Requirement | Scan the records below, and wherever a line has the word "shows", pull it out.

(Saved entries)
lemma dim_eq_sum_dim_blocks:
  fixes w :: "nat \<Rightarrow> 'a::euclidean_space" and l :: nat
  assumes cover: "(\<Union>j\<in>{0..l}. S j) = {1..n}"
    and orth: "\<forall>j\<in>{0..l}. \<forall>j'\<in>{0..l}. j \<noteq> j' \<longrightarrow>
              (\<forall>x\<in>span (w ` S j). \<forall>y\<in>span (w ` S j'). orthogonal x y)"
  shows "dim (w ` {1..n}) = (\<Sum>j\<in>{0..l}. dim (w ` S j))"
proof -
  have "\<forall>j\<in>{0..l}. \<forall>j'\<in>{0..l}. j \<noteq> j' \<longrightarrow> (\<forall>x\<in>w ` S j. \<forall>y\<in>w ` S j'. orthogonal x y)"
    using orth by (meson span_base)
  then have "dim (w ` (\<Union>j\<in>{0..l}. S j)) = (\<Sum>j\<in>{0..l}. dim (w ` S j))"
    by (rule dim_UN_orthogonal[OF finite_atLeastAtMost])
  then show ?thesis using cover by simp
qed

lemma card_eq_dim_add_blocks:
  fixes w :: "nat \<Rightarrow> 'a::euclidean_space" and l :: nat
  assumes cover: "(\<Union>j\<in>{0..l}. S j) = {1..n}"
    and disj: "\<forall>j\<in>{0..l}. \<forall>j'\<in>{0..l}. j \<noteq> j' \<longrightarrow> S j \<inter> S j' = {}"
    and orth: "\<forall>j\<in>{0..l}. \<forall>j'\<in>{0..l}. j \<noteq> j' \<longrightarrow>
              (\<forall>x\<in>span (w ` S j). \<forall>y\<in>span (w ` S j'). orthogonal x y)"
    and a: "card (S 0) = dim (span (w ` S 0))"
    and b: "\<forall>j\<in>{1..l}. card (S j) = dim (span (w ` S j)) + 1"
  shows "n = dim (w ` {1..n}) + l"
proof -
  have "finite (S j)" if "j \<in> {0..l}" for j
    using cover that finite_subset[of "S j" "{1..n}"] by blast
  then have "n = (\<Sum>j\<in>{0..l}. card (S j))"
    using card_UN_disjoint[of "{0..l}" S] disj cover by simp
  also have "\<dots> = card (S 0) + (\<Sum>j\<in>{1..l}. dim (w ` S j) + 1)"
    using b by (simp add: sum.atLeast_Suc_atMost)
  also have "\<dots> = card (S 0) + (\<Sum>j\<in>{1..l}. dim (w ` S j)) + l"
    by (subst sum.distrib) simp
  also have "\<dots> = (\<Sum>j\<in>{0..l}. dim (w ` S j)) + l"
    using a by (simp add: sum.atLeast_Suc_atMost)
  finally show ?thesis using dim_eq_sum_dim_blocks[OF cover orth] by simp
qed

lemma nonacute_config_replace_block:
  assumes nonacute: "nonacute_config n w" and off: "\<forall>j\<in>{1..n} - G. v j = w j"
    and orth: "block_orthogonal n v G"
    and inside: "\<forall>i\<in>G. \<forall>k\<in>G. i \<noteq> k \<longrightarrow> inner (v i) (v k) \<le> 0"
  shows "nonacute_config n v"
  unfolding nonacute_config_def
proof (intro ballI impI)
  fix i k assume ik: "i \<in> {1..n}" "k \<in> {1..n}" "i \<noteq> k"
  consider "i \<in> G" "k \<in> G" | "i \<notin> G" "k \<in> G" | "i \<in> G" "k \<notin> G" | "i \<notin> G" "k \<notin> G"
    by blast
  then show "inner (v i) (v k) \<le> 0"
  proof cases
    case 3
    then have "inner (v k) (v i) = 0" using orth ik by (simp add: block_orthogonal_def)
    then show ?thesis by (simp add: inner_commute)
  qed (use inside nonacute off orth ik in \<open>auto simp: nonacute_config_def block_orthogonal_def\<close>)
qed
* * *
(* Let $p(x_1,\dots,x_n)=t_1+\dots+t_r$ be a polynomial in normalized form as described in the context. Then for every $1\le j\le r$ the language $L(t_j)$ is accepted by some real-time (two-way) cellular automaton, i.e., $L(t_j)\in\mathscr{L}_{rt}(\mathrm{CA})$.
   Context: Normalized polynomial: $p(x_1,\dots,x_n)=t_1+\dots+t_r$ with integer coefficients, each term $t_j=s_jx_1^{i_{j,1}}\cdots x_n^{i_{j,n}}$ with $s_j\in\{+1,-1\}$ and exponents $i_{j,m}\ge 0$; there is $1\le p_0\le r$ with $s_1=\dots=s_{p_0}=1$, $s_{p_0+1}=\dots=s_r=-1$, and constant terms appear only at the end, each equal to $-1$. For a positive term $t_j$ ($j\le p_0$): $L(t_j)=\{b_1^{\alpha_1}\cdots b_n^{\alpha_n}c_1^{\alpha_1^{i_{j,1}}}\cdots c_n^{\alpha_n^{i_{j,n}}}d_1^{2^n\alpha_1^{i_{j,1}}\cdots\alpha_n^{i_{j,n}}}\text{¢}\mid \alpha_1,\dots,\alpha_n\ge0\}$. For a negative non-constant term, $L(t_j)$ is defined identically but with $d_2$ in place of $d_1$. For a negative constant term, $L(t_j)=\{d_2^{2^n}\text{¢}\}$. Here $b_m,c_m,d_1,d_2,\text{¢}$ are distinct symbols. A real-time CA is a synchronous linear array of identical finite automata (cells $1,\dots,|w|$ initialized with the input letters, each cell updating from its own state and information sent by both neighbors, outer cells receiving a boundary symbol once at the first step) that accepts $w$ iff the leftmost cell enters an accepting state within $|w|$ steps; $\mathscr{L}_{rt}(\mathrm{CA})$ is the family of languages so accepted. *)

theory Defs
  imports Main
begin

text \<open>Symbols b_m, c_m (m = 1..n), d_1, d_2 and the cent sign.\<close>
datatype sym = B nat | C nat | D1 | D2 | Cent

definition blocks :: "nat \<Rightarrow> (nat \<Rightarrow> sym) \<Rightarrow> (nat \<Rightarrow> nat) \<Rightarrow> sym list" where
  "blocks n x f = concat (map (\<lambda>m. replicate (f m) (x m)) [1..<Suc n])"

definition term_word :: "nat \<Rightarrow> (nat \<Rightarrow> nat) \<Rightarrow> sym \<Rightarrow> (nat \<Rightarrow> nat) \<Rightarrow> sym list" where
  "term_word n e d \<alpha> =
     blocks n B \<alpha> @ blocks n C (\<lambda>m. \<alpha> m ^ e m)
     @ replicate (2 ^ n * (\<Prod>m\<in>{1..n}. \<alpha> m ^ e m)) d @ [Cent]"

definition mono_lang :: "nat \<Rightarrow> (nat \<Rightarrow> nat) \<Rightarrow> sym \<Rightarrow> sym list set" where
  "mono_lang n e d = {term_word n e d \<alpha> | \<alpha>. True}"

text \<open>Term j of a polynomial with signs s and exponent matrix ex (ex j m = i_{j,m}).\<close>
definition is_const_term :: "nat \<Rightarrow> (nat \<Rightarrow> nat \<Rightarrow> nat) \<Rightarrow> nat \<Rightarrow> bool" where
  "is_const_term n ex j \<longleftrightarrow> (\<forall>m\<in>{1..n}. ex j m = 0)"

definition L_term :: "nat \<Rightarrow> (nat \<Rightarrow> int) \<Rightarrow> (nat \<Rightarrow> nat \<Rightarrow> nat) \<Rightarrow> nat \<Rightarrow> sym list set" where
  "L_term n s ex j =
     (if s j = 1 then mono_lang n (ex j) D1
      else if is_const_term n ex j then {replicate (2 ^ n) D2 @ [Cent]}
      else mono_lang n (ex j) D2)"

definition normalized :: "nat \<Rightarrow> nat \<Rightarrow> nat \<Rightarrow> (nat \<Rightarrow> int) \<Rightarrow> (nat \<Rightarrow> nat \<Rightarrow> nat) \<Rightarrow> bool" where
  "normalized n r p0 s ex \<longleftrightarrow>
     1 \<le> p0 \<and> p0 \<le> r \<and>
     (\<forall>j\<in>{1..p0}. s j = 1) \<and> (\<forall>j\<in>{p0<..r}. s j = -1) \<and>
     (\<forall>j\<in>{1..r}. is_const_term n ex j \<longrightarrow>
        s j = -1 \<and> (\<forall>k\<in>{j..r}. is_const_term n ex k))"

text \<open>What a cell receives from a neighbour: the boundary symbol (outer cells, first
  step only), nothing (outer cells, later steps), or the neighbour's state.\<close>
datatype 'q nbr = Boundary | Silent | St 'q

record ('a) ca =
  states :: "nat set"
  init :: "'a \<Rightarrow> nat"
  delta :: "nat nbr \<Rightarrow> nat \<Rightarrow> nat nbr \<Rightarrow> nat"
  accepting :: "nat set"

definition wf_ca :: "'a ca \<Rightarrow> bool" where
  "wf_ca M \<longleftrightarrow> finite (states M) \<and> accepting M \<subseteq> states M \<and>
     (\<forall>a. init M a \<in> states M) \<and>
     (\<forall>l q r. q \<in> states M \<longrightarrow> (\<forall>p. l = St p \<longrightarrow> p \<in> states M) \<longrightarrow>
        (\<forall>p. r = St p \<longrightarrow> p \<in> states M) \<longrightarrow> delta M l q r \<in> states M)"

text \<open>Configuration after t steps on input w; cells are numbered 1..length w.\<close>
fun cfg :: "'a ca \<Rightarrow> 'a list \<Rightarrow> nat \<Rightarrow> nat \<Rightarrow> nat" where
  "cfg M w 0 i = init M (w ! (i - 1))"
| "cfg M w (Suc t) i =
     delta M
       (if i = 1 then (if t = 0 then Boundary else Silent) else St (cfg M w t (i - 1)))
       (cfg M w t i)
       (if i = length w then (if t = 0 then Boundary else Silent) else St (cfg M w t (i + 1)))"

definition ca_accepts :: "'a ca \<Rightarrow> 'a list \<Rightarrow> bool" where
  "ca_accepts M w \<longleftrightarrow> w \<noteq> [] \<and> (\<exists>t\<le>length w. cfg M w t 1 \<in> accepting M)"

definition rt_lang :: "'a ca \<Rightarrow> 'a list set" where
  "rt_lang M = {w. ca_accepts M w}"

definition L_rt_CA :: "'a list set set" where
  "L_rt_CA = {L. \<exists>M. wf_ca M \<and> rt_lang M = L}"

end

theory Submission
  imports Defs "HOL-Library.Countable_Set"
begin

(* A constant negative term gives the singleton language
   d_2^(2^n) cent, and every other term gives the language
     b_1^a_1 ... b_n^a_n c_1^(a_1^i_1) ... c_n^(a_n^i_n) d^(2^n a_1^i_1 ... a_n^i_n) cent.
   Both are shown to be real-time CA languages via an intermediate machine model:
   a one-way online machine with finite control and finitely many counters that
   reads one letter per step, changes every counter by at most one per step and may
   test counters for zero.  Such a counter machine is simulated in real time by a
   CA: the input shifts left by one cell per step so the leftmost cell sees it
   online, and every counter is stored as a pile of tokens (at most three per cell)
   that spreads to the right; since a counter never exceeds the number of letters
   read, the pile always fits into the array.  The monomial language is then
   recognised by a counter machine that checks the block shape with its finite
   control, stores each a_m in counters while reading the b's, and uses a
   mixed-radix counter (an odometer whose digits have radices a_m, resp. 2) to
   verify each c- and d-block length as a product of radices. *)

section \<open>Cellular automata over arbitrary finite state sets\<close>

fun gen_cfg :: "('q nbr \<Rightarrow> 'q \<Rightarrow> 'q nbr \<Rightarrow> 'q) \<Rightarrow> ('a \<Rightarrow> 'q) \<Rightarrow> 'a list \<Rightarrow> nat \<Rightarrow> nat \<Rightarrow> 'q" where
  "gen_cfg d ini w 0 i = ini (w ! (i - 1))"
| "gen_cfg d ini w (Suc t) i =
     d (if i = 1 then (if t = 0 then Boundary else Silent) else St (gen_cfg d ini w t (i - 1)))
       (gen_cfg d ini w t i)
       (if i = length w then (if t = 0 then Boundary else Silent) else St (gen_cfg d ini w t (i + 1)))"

Written solution |
  shows "dim (w ` {1..n}) = (\<Sum>j\<in>{0..l}. dim (w ` S j))"
  shows "n = dim (w ` {1..n}) + l"
  shows "nonacute_config n v"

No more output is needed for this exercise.